Quality is an issue. Was the ED that I visited a high-quality ED or not? How did they measure quality? How would I know what the scores were? The PA was a pleasant chap, but the quality of care that I received was lacking. In the absence of metrics, word of mouth rather than clinical outcomes becomes the main quality measure. I went to the optometrist that my mother had recommended because when she saw him, “he was nice”.

An eyelid infection is a relatively minor medical problem. Imagine how much mischief the same combination of human laziness, misjudgment, opacity, and inconvenience causes for more serious diagnoses. Imagine how much these factors contribute to unnecessary expense, and to human suffering.


When I told my daughter, a student in Public Health, my story, she was disgusted. She called it “a personal problem”, but unfortunately the effects are more than just personal. Rather than getting an inexpensive prescription at a primary care office, spending less than $100, I got ED care, an expensive prescription, and specialty care, likely costing well over $1,500. Rather than taking two days to get better, it took five, including time off work and lost productivity.

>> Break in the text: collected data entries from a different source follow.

(* Let $(\mathcal{X},\mathcal{F},\sigma)$ be a probability space with an $\alpha$-homogeneous atomic filtration, $0<\alpha\le1/2$, and let $f\in L^1(\mathcal{X})$ satisfy $\|S(f)\|_\infty<\infty$. Then \[ \mathbb{E}\exp(f-\mathbb{E}f)\le e^{\|S(f)\|_\infty^2/(4\alpha)}. \]
   Context: An atomic filtration on a probability space $(\mathcal{X},\mathcal{F},\sigma)$ is an increasing sequence of $\sigma$-algebras $\mathcal{F}_n\subset\mathcal{F}$, $n\ge0$, with $\mathcal{F}_0=\{\varnothing,\mathcal{X}\}$, $\mathcal{F}$ generated by the $\mathcal{F}_n$, and such that for each $n$ there is a countable collection $\mathcal{D}_n$ of disjoint sets ("cubes") with every set of $\mathcal{F}_n$ a union of sets of $\mathcal{D}_n$. Write $\mathcal{D}=\bigcup_n\mathcal{D}_n$, $|A|=\sigma(A)$, and for $Q\in\mathcal{D}_n$ let $\operatorname{ch}Q=\{R\in\mathcal{D}_{n+1}:R\subset Q\}$. The filtration is $\alpha$-homogeneous if $|Q'|\ge\alpha|Q|$ for every cube $Q$ and every $Q'\in\operatorname{ch}Q$. For $|A|>0$, $\langle f\rangle_A=|A|^{-1}\int_A f$; $\mathbb{E}f=\langle f\rangle_{\mathcal{X}}$. Let $\mathbf{E}_Q f=\langle f\rangle_Q\mathbf{1}_Q$, $\Delta_Q=\sum_{R\in\operatorname{ch}Q}\mathbf{E}_R-\mathbf{E}_Q$, and $S f=\bigl(\sum_{Q\in\mathcal{D}}|\Delta_Q f|^2\bigr)^{1/2}$. *)

theory Defs
  imports "HOL-Probability.Probability"
begin

definition atomic_filtration ::
  "'a measure \<Rightarrow> (nat \<Rightarrow> 'a set set) \<Rightarrow> (nat \<Rightarrow> 'a set set) \<Rightarrow> bool" where
  "atomic_filtration M F D \<longleftrightarrow>
     (\<forall>n. sigma_algebra (space M) (F n) \<and> F n \<subseteq> sets M) \<and>
     (\<forall>n. F n \<subseteq> F (Suc n)) \<and>
     F 0 = {{}, space M} \<and>
     sets M = sigma_sets (space M) (\<Union>n. F n) \<and>
     (\<forall>n. countable (D n) \<and> disjoint (D n) \<and> D n \<subseteq> F n \<and>
          (\<forall>A\<in>F n. \<exists>C\<subseteq>D n. A = \<Union>C))"

definition cube_children :: "(nat \<Rightarrow> 'a set set) \<Rightarrow> nat \<Rightarrow> 'a set \<Rightarrow> 'a set set" where
  "cube_children D n Q = {R \<in> D (Suc n). R \<subseteq> Q}"

definition homogeneous_filtration ::
  "'a measure \<Rightarrow> (nat \<Rightarrow> 'a set set) \<Rightarrow> real \<Rightarrow> bool" where
  "homogeneous_filtration M D \<alpha> \<longleftrightarrow>
     (\<forall>n. \<forall>Q\<in>D n. \<forall>Q'\<in>cube_children D n Q. measure M Q' \<ge> \<alpha> * measure M Q)"

text \<open>Average of f over A (convention: 0 if A is a null set; only used for |A|>0).\<close>
definition cube_avg :: "'a measure \<Rightarrow> 'a set \<Rightarrow> ('a \<Rightarrow> real) \<Rightarrow> real" where
  "cube_avg M A f = (if measure M A > 0 then (\<integral>x\<in>A. f x \<partial>M) / measure M A else 0)"

definition cube_E :: "'a measure \<Rightarrow> 'a set \<Rightarrow> ('a \<Rightarrow> real) \<Rightarrow> 'a \<Rightarrow> real" where
  "cube_E M Q f x = cube_avg M Q f * indicator Q x"

definition cube_Delta ::
  "'a measure \<Rightarrow> (nat \<Rightarrow> 'a set set) \<Rightarrow> nat \<Rightarrow> 'a set \<Rightarrow> ('a \<Rightarrow> real) \<Rightarrow> 'a \<Rightarrow> real" where
  "cube_Delta M D n Q f x =
     (\<Sum>\<^sub>\<infinity>R\<in>cube_children D n Q. cube_E M R f x) - cube_E M Q f x"

definition square_fun_sq ::
  "'a measure \<Rightarrow> (nat \<Rightarrow> 'a set set) \<Rightarrow> ('a \<Rightarrow> real) \<Rightarrow> 'a \<Rightarrow> ennreal" where
  "square_fun_sq M D f x =
     (\<Sum>\<^sub>\<infinity>(n, Q)\<in>Sigma UNIV D. ennreal ((cube_Delta M D n Q f x)\<^sup>2))"

definition square_fun ::
  "'a measure \<Rightarrow> (nat \<Rightarrow> 'a set set) \<Rightarrow> ('a \<Rightarrow> real) \<Rightarrow> 'a \<Rightarrow> ennreal" where
  "square_fun M D f x =
     (if square_fun_sq M D f x = \<top> then \<top>
      else ennreal (sqrt (enn2real (square_fun_sq M D f x))))"

end

theory Submission
  imports Defs
begin

(* Write E_n f for the average of f over the generation-n cube containing x and
   d_n = E_(n+1) f - E_n f.  Over a cube Q the values of d_n on the children R of Q have
   mean zero for the weights |R|/|Q|, all of which are at least alpha.  The elementary
   inequality  sum_R p_R exp (x_R - x_R^2/(4 alpha)) <= 1  for such weights and values
   therefore makes  G_N = exp (E_N f - E f - (1/(4 alpha)) sum_(n<N) d_n^2)  a
   supermartingale, so E G_N <= 1; since sum_n d_n^2 <= S(f)^2 this gives
   E exp (E_N f - E f) <= exp (||S f||^2/(4 alpha)).  Homogeneity makes every generation
   finite and E_N f -> f in L^1 (exactly so for indicators of sets in some F_m, then by the
   pi-lambda theorem and density), so a subsequence converges almost everywhere and Fatou's
   lemma gives the theorem.

   The elementary inequality is reduced to the two-point case by balancing each negative
   value against a share of the nonnegative ones, which are merged into one point by a
   tangent-line bound.  Two points are handled by Taylor estimates when the negative point
   has mass at most 1/2 and by comparison with cosh otherwise. *)

lemma exp_minus_le_Taylor_odd:
  fixes x :: real
  assumes "0 \<le> x" "odd n"
  shows "exp (-x) \<le> (\<Sum>m<n. (-x) ^ m / fact m)"
proof -
  obtain t where t: "exp (-x) = (\<Sum>m<n. (-x) ^ m / fact m) + exp t / fact n * (-x) ^ n"
    using Maclaurin_exp_le[of "-x" n] by blast
  have "exp t / fact n * (-x) ^ n \<le> 0"
    using assms by (simp add: power_minus_odd)
  with t show ?thesis by linarith
qed

lemma exp_minus_ge_Taylor_even:
  fixes x :: real
  assumes "even n"
  shows "(\<Sum>m<n. (-x) ^ m / fact m) \<le> exp (-x)"
proof -
  obtain t where t: "exp (-x) = (\<Sum>m<n. (-x) ^ m / fact m) + exp t / fact n * (-x) ^ n"
    using Maclaurin_exp_le[of "-x" n] by blast
  have "0 \<le> exp t / fact n * (-x) ^ n"
    using assms by (simp add: zero_le_even_power)
  with t show ?thesis by linarith
qed

lemma exp_minus_2u_le:
  fixes u :: real
  assumes "0 \<le> u" "u \<le> 1"
  shows "exp (-2*u) \<le> 1 - (2*u-u^2) + (2*u-u^2)^2/4 - (2*u-u^2)^3/24"
proof -
  have "exp (-(2*u)) \<le> (\<Sum>m<7. (-(2*u)) ^ m / fact m)"
    using assms by (intro exp_minus_le_Taylor_odd) auto
  also have "\<dots> = 1 - (2*u) + (2*u)^2/2 - (2*u)^3/6 + (2*u)^4/24 - (2*u)^5/120 + (2*u)^6/720"
    by (simp add: eval_nat_numeral fact_numeral)
  finally have "exp (-2*u) \<le> 1 - (2*u) + (2*u)^2/2 - (2*u)^3/6 + (2*u)^4/24 - (2*u)^5/120 + (2*u)^6/720"
    by simp
  moreover have "1 - (2*u-u^2) + (2*u-u^2)^2/4 - (2*u-u^2)^3/24
      - (1 - (2*u) + (2*u)^2/2 - (2*u)^3/6 + (2*u)^4/24 - (2*u)^5/120 + (2*u)^6/720)
      = u^4 * (1/12 + u/60 - 17*u^2/360)"
    by (simp add: field_simps power_def)
  moreover have "u^2 \<le> 1" using assms by (simp add: power_le_one)
  then have "0 \<le> u^4 * (1/12 + u/60 - 17*u^2/360)" using assms by simp
  ultimately show ?thesis by linarith
qed

lemma exp_minus_2u_ge:
  fixes u :: real
  assumes "0 \<le> u" "u^2 \<le> 1/2"
  shows "(1-u)^2*(1-2*u^2) + ((2*u-u^2)^2/2 - (2*u-u^2)^3/12)*(1 - u^2) \<le> exp (-2*u)"
proof -
  have u1: "u \<le> 1"
  proof (rule ccontr)
    assume "\<not> u \<le> 1"
    then have "1 < u^2" by (simp add: less_1_mult power2_eq_square)
    with assms show False by simp
  qed
  have "(\<Sum>m<6. (-(2*u)) ^ m / fact m) \<le> exp (-(2*u))"
    by (intro exp_minus_ge_Taylor_even) auto
  moreover have "(\<Sum>m<6. (-(2*u)) ^ m / fact m) = 1 - (2*u) + (2*u)^2/2 - (2*u)^3/6 + (2*u)^4/24 - (2*u)^5/120"
    by (simp add: eval_nat_numeral fact_numeral)
  moreover have "(1 - (2*u) + (2*u)^2/2 - (2*u)^3/6 + (2*u)^4/24 - (2*u)^5/120)
     - ((1-u)^2*(1-2*u^2) + ((2*u-u^2)^2/2 - (2*u-u^2)^3/12)*(1 - u^2))
     = u^2 * ((1 - 4*u/3)^2 + u^2*(17/12*(u - 73/85)^2 + 5263/15300 - u^3/2 + u^4/12))"
    by (simp add: field_simps power_def)
  moreover have "u^3 \<le> 1/2"
  proof -
    have "u^3 = u * u^2" by (simp add: power_def)
    also have "\<dots> \<le> 1 * (1/2)" using assms u1 by (intro mult_mono) auto
    finally show ?thesis by simp
  qed
  then have "0 \<le> 17/12*(u - 73/85)^2 + 5263/15300 - u^3/2 + u^4/12"
    using zero_le_power2[of "u - 73/85"] zero_le_power[OF assms(1), of 4] by linarith
  then have "0 \<le> u^2 * ((1 - 4*u/3)^2 + u^2*(17/12*(u - 73/85)^2 + 5263/15300 - u^3/2 + u^4/12))"
    by simp
  ultimately show ?thesis by simp
qed

lemma quadratic_nonneg_on_half_interval:
  fixes c0 c1 c2 p :: real
  assumes "0 \<le> c0" "0 \<le> c0 + c1/2 + c2/4" "c2 \<ge> 0 \<Longrightarrow> c1 + c2 \<le> 0" "0 \<le> p" "p \<le> 1/2"
  shows "0 \<le> c0 + c1*p + c2*p^2"
proof (cases "c2 \<ge> 0")
  case True
  have "c0 + c1*p + c2*p^2 = (c0 + c1/2 + c2/4) + (c1 + c2)*(p - 1/2) + c2*(p - 1/2)^2"
    by (simp add: field_simps power_def)
  moreover have "0 \<le> (c1 + c2)*(p - 1/2)" using True assms by (intro mult_nonpos_nonpos) auto
  moreover have "0 \<le> c2*(p - 1/2)^2" using True by simp
  ultimately show ?thesis using assms(2) by linarith
next
  case False
  have "c0 + c1*p + c2*p^2 = (1 - 2*p)*c0 + 2*p*(c0 + c1/2 + c2/4) + c2*(p*(p - 1/2))"
    by (simp add: field_simps power_def)
  moreover have "0 \<le> c2*(p*(p - 1/2))"
    using False assms by (intro mult_nonpos_nonpos mult_nonneg_nonpos) auto
  ultimately show ?thesis using assms by simp
qed

lemma exp_minus_2u_quadratic_bound:
  fixes p u :: real
  assumes p: "0 \<le> p" "p \<le> 1/2" and u: "0 \<le> u" "u \<le> 1"
  shows "p * exp (-2*u) \<le> (p + (1-2*p)*u^2) * ((1-u)^2 + p * ((2*u-u^2)^2/2 - (2*u-u^2)^3/12))"
proof -
  define v where "v = 2*u - u^2"
  define \<beta> where "\<beta> = v^2/2 - v^3/12"
  define E where "E = exp (-2*u)"
  have av: "(1-u)^2 = 1 - v" unfolding v_def by (simp add: power2_eq_square algebra_simps)
  have "u^2 \<le> u" using u by (simp add: power2_eq_square mult_left_le_one_le)
  then have v0: "0 \<le> v" unfolding v_def using u by simp
  have "v \<le> 1" using av by (metis diff_ge_0_iff_ge zero_le_power2)
  then have v32: "v^3 \<le> v^2" using power_decreasing[of 2 3 v] v0 by simp
  define c0 c1 c2 where "c0 = u^2*(1-v)" and "c1 = (1-v)*(1-2*u^2) + u^2*\<beta> - E"
    and "c2 = (1-2*u^2)*\<beta>"
  have "0 \<le> c0" unfolding c0_def using av by (metis mult_nonneg_nonneg zero_le_power2)
  moreover have "0 \<le> c0 + c1/2 + c2/4"
  proof -
    have "c0 + c1/2 + c2/4 = (1 - v + v^2/4 - v^3/24)/2 - E/2"
      unfolding c0_def c1_def c2_def \<beta>_def by (simp add: field_simps power_def)
    moreover have "E \<le> 1 - v + v^2/4 - v^3/24" unfolding E_def v_def using exp_minus_2u_le[OF u] .
    ultimately show ?thesis by simp
  qed
  moreover have "c1 + c2 \<le> 0" if "c2 \<ge> 0"
  proof -
    have "u^2 \<le> 1/2"
    proof (rule ccontr)
      assume "\<not> u^2 \<le> 1/2"
      then have neg: "1 - 2*u^2 < 0" and "u \<noteq> 0" by auto
      then have "0 < v" unfolding v_def using u by (simp add: power2_eq_square)
      then have "0 < \<beta>" unfolding \<beta>_def using v32 zero_less_power[of v 2] by linarith
      with neg have "c2 < 0" unfolding c2_def by (simp add: mult_neg_pos)
      with that show False by simp
    qed
    then have "(1-u)^2*(1-2*u^2) + \<beta>*(1-u^2) \<le> E"
      unfolding \<beta>_def E_def v_def using exp_minus_2u_ge[OF u(1)] by simp
    then show ?thesis unfolding c1_def c2_def av by (simp add: algebra_simps)
  qed
  ultimately have "0 \<le> c0 + c1*p + c2*p^2" using quadratic_nonneg_on_half_interval p by blast
  moreover have "(p + (1-2*p)*u^2) * ((1-u)^2 + p*\<beta>) - p*E = c0 + c1*p + c2*p^2"
    unfolding c0_def c1_def c2_def av by (simp add: field_simps power_def)
  ultimately show ?thesis unfolding \<beta>_def v_def E_def by simp
qed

My foibles are obvious, but they are not unique. I have met few doctors who have never used higher priced care when a cheaper care would do. I have met even fewer doctors who have never taken someone else’ medicine or used expired medicines. Nurses and other health care professionals do the same, and we all know better. Little wonder that patients, who often don’t know better, follow our example.

How then do we revolutionize health care, my stated goal at the beginning of this article?

  1. By engineering hazards out, including mistakes, misjudgments, and misunderstandings.
  2. By transparency in quality and pricing.
  3. By better rewarding good behavior.
  4. By practicing evidence-based medicine.
  5. By intentionally using low cost medications and other interventions when the outcomes are similar.
  6. By making the patient more responsible for costs and outcomes, having “more skin in the game”.

Please also see Healing the Health Care Cost Conundrum for more ideas.

Republicans and Democrats at all levels, local, state, and federal, will continue to fiddle with American health care. Their work is important, but can only address a small part of the problem. We as health care professionals must figure out how to provide quality, affordable, and accessible care to everyone. Using lessons learned from stories like this, we can do it.